With a new name – it will be called Care England – the body will operate from January 1, 2014. I know some will get all watery-eyed over the seeming passing of the two organisations, but frankly, I think it’s a great move.

Sir Digby Jones has always maintained the care sector needed a united front and that fragmentation hindered our cause. Here we have fantastic example of common sense prevailing, while simultaneously creating much sharper tool for care sector lobbying.

In a joint statement the two chairman Nadra Ahmed OBE and Jane Ashcroft said: “Our sector faces a period of considerable challenge which will require robust representation on behalf of our membership. For some time now our two organisations have been working together so it felt like the natural next step in our relationship. We believe that combining the two strong and respected organisations together will strengthen the voice of health and social care and give our membership a wider range of services”

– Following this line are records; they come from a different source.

lemma sum_first_visit_prob_le_1: "(\<Sum>m<M. first_visit_prob P m k i) \<le> 1"
proof (induction M arbitrary: k)
  case (Suc M)
  have "(\<Sum>m<Suc M. first_visit_prob P m k i)
      = P$k$i + (\<Sum>x\<in>UNIV - {i}. P$k$x * (\<Sum>m<M. first_visit_prob P m x i))"
    by (simp add: sum.lessThan_Suc_shift first_visit_prob_Suc sum_distrib_left sum.swap[of _ "{..<M}"]
             del: sum.lessThan_Suc)
  also have "\<dots> \<le> P$k$i + (\<Sum>x\<in>UNIV - {i}. P$k$x)"
    by (intro add_left_mono sum_mono mult_left_le) (simp_all add: nonneg Suc)
  also have "\<dots> = (\<Sum>x\<in>UNIV. P$k$x)"
    by (simp add: sum.remove[of UNIV i])
  finally show ?case using row_sum_le_1[of k] by linarith
qed simp

lemma summable_first_visit_prob: "summable (\<lambda>m. first_visit_prob P m k i)"
proof (rule bounded_imp_summable[where B = 1])
  show "(\<Sum>m\<le>M. first_visit_prob P m k i) \<le> 1" for M
    using sum_first_visit_prob_le_1[where M = "Suc M"] by (simp add: lessThan_Suc_atMost)
qed (rule first_visit_prob_nonneg)

lemma visit_prob_nonneg: "0 \<le> visit_prob P k i"
  using first_visit_prob_nonneg summable_first_visit_prob
  by (cases "k = i") (simp_all add: visit_prob_eq_suminf visit_prob_def[of P i i] suminf_nonneg)

lemma visit_prob_le_1: "visit_prob P k i \<le> 1"
  using summable_first_visit_prob sum_first_visit_prob_le_1
  by (cases "k = i") (simp_all add: visit_prob_eq_suminf visit_prob_def[of P i i] suminf_le_const)

lemma visit_prob_first_step:
  assumes "k \<noteq> i"
  shows "visit_prob P k i = (\<Sum>x\<in>UNIV. P$k$x * visit_prob P x i)"
proof -
  have "visit_prob P k i = (\<Sum>m. first_visit_prob P (Suc m) k i) + P$k$i"
    unfolding visit_prob_eq_suminf[OF assms]
    using suminf_split_head[OF summable_first_visit_prob] by simp
  also have "(\<Sum>m. first_visit_prob P (Suc m) k i)
      = (\<Sum>x\<in>UNIV - {i}. \<Sum>m. P$k$x * first_visit_prob P m x i)"
    unfolding first_visit_prob_Suc by (intro suminf_sum summable_mult summable_first_visit_prob)
  also have "\<dots> = (\<Sum>x\<in>UNIV - {i}. P$k$x * visit_prob P x i)"
    by (intro sum.cong refl)
       (simp add: suminf_mult[OF summable_first_visit_prob] visit_prob_eq_suminf)
  finally show ?thesis
    by (simp add: sum.remove[of UNIV i] visit_prob_def)
qed

lemma return_prob_le_1: "return_prob P i \<le> 1"
proof -
  have "return_prob P i \<le> (\<Sum>m\<in>UNIV. P$i$m)"
    unfolding return_prob_def
    by (intro sum_mono mult_left_le) (simp_all add: visit_prob_le_1 nonneg)
  then show ?thesis using row_sum_le_1[of i] by linarith
qed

The two CEOs, Sheila Scott OBE and Prof. Martin Green OBE said: “We welcome the opportunity to bring the wealth of experience of the two organisations under one banner and work together to make Care England strong and vibrant and a one-stop shop for providers to support them in delivering a quality service.

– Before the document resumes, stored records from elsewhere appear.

lemma convergent_atoms_subseq:
  fixes pos :: "nat \<Rightarrow> nat \<Rightarrow> real" and wt :: "nat \<Rightarrow> nat \<Rightarrow> int"
  assumes pos: "\<And>n j. j < Q \<Longrightarrow> pos n j \<in> {a..b}" and wt: "\<And>n j. j < Q \<Longrightarrow> \<bar>wt n j\<bar> \<le> B"
  shows "\<exists>r y z. strict_mono r \<and> (\<forall>j<Q. y j \<in> {a..b} \<and> (\<lambda>k. pos (r k) j) \<longlonglongrightarrow> y j) \<and>
           eventually (\<lambda>k. \<forall>j\<in>{..<Q}. wt (r k) j = z j) sequentially"
proof -
  define x where
    "x n j = (if j < Q then pos n j else if j < 2*Q then real_of_int (wt n (j - Q)) else 0)" for n j
  have "\<bar>x n j\<bar> \<le> \<bar>a\<bar> + \<bar>b\<bar> + \<bar>real_of_int B\<bar>" for n j
  proof (cases "j < Q")
    case True
    then show ?thesis using pos[of j n] by (auto simp: x_def)
  next
    case False
    have "real_of_int \<bar>wt n (j - Q)\<bar> \<le> real_of_int B" if "j < 2*Q"
      using wt[of "j - Q" n] that False by (simp only: of_int_le_iff)
    then show ?thesis using False by (auto simp: x_def)
  qed
  then obtain r y where r: "strict_mono r" and lim: "\<forall>j<2*Q. (\<lambda>k. x (r k) j) \<longlonglongrightarrow> y j"
    using convergent_subseq_finitely_many by blast
  have lim_pos: "(\<lambda>k. pos (r k) j) \<longlonglongrightarrow> y j" if "j < Q" for j
    using lim[rule_format, of j] that by (simp add: x_def)
  have "y j \<in> {a..b}" if "j < Q" for j
  proof -
    have "a \<le> y j" by (rule LIMSEQ_le_const[OF lim_pos[OF that]]) (use pos that in auto)
    moreover have "y j \<le> b" by (rule LIMSEQ_le_const2[OF lim_pos[OF that]]) (use pos that in auto)
    ultimately show ?thesis by simp
  qed
  moreover have "\<exists>zj. eventually (\<lambda>k. wt (r k) j = zj) sequentially" if "j < Q" for j
  proof (rule convergent_of_int_eventually_const)
    show "(\<lambda>k. real_of_int (wt (r k) j)) \<longlonglongrightarrow> y (Q + j)"
      using lim[rule_format, of "Q + j"] that by (simp add: x_def)
  qed
  then obtain z where "\<And>j. j < Q \<Longrightarrow> eventually (\<lambda>k. wt (r k) j = z j) sequentially"
    by metis
  then have "eventually (\<lambda>k. \<forall>j\<in>{..<Q}. wt (r k) j = z j) sequentially"
    by (intro eventually_ball_finite) auto
  ultimately show ?thesis using r lim_pos by blast
qed

lemma flat_convergent_subseq_of_atomic_approx:
  assumes approx: "\<And>n. atomic_approx l (f n) Q (err n) (pos n) (wt n)"
    and err: "err \<longlonglongrightarrow> 0" and "0 \<le> l"
  shows "\<exists>r. \<exists>c\<in>Mfin_Z l. strict_mono r \<and> (\<lambda>k. flat_norm l (f (r k)) (\<lambda>x. - c x)) \<longlonglongrightarrow> 0"
proof -
  have "pos n j \<in> {0..l}" "\<bar>wt n j\<bar> \<le> int Q" if "j < Q" for n j
    using approx[of n] that by (auto simp: atomic_approx_def)
  then obtain r y z where r: "strict_mono r" and y: "\<forall>j<Q. y j \<in> {0..l}"
    and lim_pos: "\<forall>j<Q. (\<lambda>k. pos (r k) j) \<longlonglongrightarrow> y j"
    and wt_eq: "eventually (\<lambda>k. \<forall>j\<in>{..<Q}. wt (r k) j = z j) sequentially"
    using convergent_atoms_subseq[of Q pos 0 l wt "int Q"] by blast
  define \<beta> where "\<beta> k = err (r k) + 2*pi * (\<Sum>j<Q. \<bar>real_of_int (z j)\<bar> * \<bar>pos (r k) j - y j\<bar>)" for k
  have "(\<lambda>k. \<bar>pos (r k) j - y j\<bar>) \<longlonglongrightarrow> 0" if "j < Q" for j
    using lim_pos that by (intro tendsto_rabs_zero LIM_zero) auto
  then have "(\<lambda>k. \<Sum>j<Q. \<bar>real_of_int (z j)\<bar> * \<bar>pos (r k) j - y j\<bar>) \<longlonglongrightarrow> 0"
    by (intro tendsto_null_sum tendsto_mult_right_zero) auto
  moreover have "(\<lambda>k. err (r k)) \<longlonglongrightarrow> 0"
    using LIMSEQ_subseq_LIMSEQ[OF err r] by (simp add: comp_def)
  ultimately have \<beta>: "\<beta> \<longlonglongrightarrow> 0"
    unfolding \<beta>_def using tendsto_add_zero tendsto_mult_right_zero by blast
  have "eventually (\<lambda>k. 0 \<le> flat_norm l (f (r k)) (\<lambda>x. - point_masses Q y z x) \<and>
      flat_norm l (f (r k)) (\<lambda>x. - point_masses Q y z x) \<le> \<beta> k) sequentially"
    using wt_eq
  proof eventually_elim
    case (elim k)
    then have "point_masses Q y z = point_masses Q y (wt (r k))"
      by (intro point_masses_cong) auto
    then show ?case
      using flat_norm_point_masses_le[OF approx[of "r k"] \<open>0 \<le> l\<close> y] elim
      by (simp add: \<beta>_def)
  qed
  then have "(\<lambda>k. flat_norm l (f (r k)) (\<lambda>x. - point_masses Q y z x)) \<longlonglongrightarrow> 0"
    by (intro tendsto_sandwich[OF _ _ tendsto_const \<beta>]) (auto elim: eventually_mono)
  then show ?thesis using r point_masses_in_Mfin_Z[OF y] by blast
qed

“Additionally, for the first time we will be able to demonstrate the strength of the united purpose which has brought us together and both of us welcome the opportunity to work with as many providers as possible to deliver a representative body which will be a powerful influence in the social care through the 21st Century”

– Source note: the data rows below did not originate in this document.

(* For each $f\in L^\infty(\mathbb{R}^{d_1+d_2})$ there exists a sparse family $\mathcal{S}$ of dyadic rectangles such that $$\mathcal{M}_{\mathscr{D}\times\mathscr{D}}f(x)\lesssim \mathcal{P}^{\frac12}_{\mathscr{D}\times\mathscr{D}}(\mathcal{M}_\mathcal{S}f)(x),\qquad x\in\mathbb{R}^{d_1+d_2},$$ with implicit constant independent of $f$.
   Context: A dyadic rectangle is a set $Q_1\times Q_2$ with $Q_1\in\mathscr{D}(\mathbb{R}^{d_1})$, $Q_2\in\mathscr{D}(\mathbb{R}^{d_2})$ (standard dyadic grids). $\langle f\rangle_R=\frac1{|R|}\int_Rf$. $\mathcal{M}_{\mathscr{D}\times\mathscr{D}}f(x)=\sup_{x\in R}|\langle f\rangle_R|$ over dyadic rectangles $R$. For a set $\Omega$ of positive finite measure and measurable $g$, $\mathsf{P}^r_\Omega(g):=\inf\{\lambda\in\mathbb{R}:|\{x\in\Omega:g(x)>\lambda\}|\le r|\Omega|\}$, and $\mathcal{P}^r_{\mathscr{D}\times\mathscr{D}}g(x)=\sup_{x\in R}\mathsf{P}^r_R(|g|)$ over dyadic rectangles $R$. A family $\mathcal{S}$ of dyadic rectangles is sparse if there are pairwise disjoint sets $E_R\subset R$, $R\in\mathcal{S}$, with $|E_R|\ge\frac12|R|$; $\mathcal{M}_\mathcal{S}f(x)=\sup_{R\in\mathcal{S}}|\langle f\rangle_R|\mathbf{1}_R(x)$. *)

theory Defs
  imports "HOL-Analysis.Analysis"
begin

definition dyadic_cube :: "int \<Rightarrow> ('n::finite \<Rightarrow> int) \<Rightarrow> (real^'n) set" where
  "dyadic_cube k m = {x. \<forall>i. 2 powr (real_of_int k) * real_of_int (m i) \<le> x $ i
                          \<and> x $ i < 2 powr (real_of_int k) * (real_of_int (m i) + 1)}"

definition dyadic_grid :: "(real^'n::finite) set set" where
  "dyadic_grid = {Q. \<exists>k m. Q = dyadic_cube k m}"

definition dyadic_rects :: "((real^'n::finite) \<times> (real^'m::finite)) set set" where
  "dyadic_rects = {Q1 \<times> Q2 | Q1 Q2. Q1 \<in> dyadic_grid \<and> Q2 \<in> dyadic_grid}"

definition avg :: "('a::euclidean_space \<Rightarrow> real) \<Rightarrow> 'a set \<Rightarrow> real" where
  "avg f R = (1 / measure lebesgue R) * (LINT x:R|lebesgue. f x)"

definition strong_max :: "((real^'n::finite) \<times> (real^'m::finite) \<Rightarrow> real)
     \<Rightarrow> (real^'n) \<times> (real^'m) \<Rightarrow> ereal" where
  "strong_max f x = (SUP R \<in> {R \<in> dyadic_rects. x \<in> R}. ereal \<bar>avg f R\<bar>)"

definition Pquant :: "real \<Rightarrow> 'a::euclidean_space set \<Rightarrow> ('a \<Rightarrow> ereal) \<Rightarrow> ereal" where
  "Pquant r \<Omega> g = Inf (ereal ` {t::real.
      emeasure lebesgue {x \<in> \<Omega>. g x > ereal t} \<le> ereal r * emeasure lebesgue \<Omega>})"

definition Pmax :: "real \<Rightarrow> ((real^'n::finite) \<times> (real^'m::finite) \<Rightarrow> ereal)
     \<Rightarrow> (real^'n) \<times> (real^'m) \<Rightarrow> ereal" where
  "Pmax r g x = (SUP R \<in> {R \<in> dyadic_rects. x \<in> R}. Pquant r R (\<lambda>y. \<bar>g y\<bar>))"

Care England hopes many local, regional and national groups will welcome the chance to work with them to make the voice of the sector stronger and stronger.

Quite apart from the significant saving on resources, duplicated work and ending divided ‘brand’ loyalties in the regions, the merger hopefully will be a wake-up call to ministers that the industry is consolidating in a single chorus of demands.

I cannot even begin to think just how much more effective this union will be. True, it is a momentous step, but one that’s probably decades overdue. This really is a case where less is more: more efficient, more powerful, and more empowering to the care sector generally.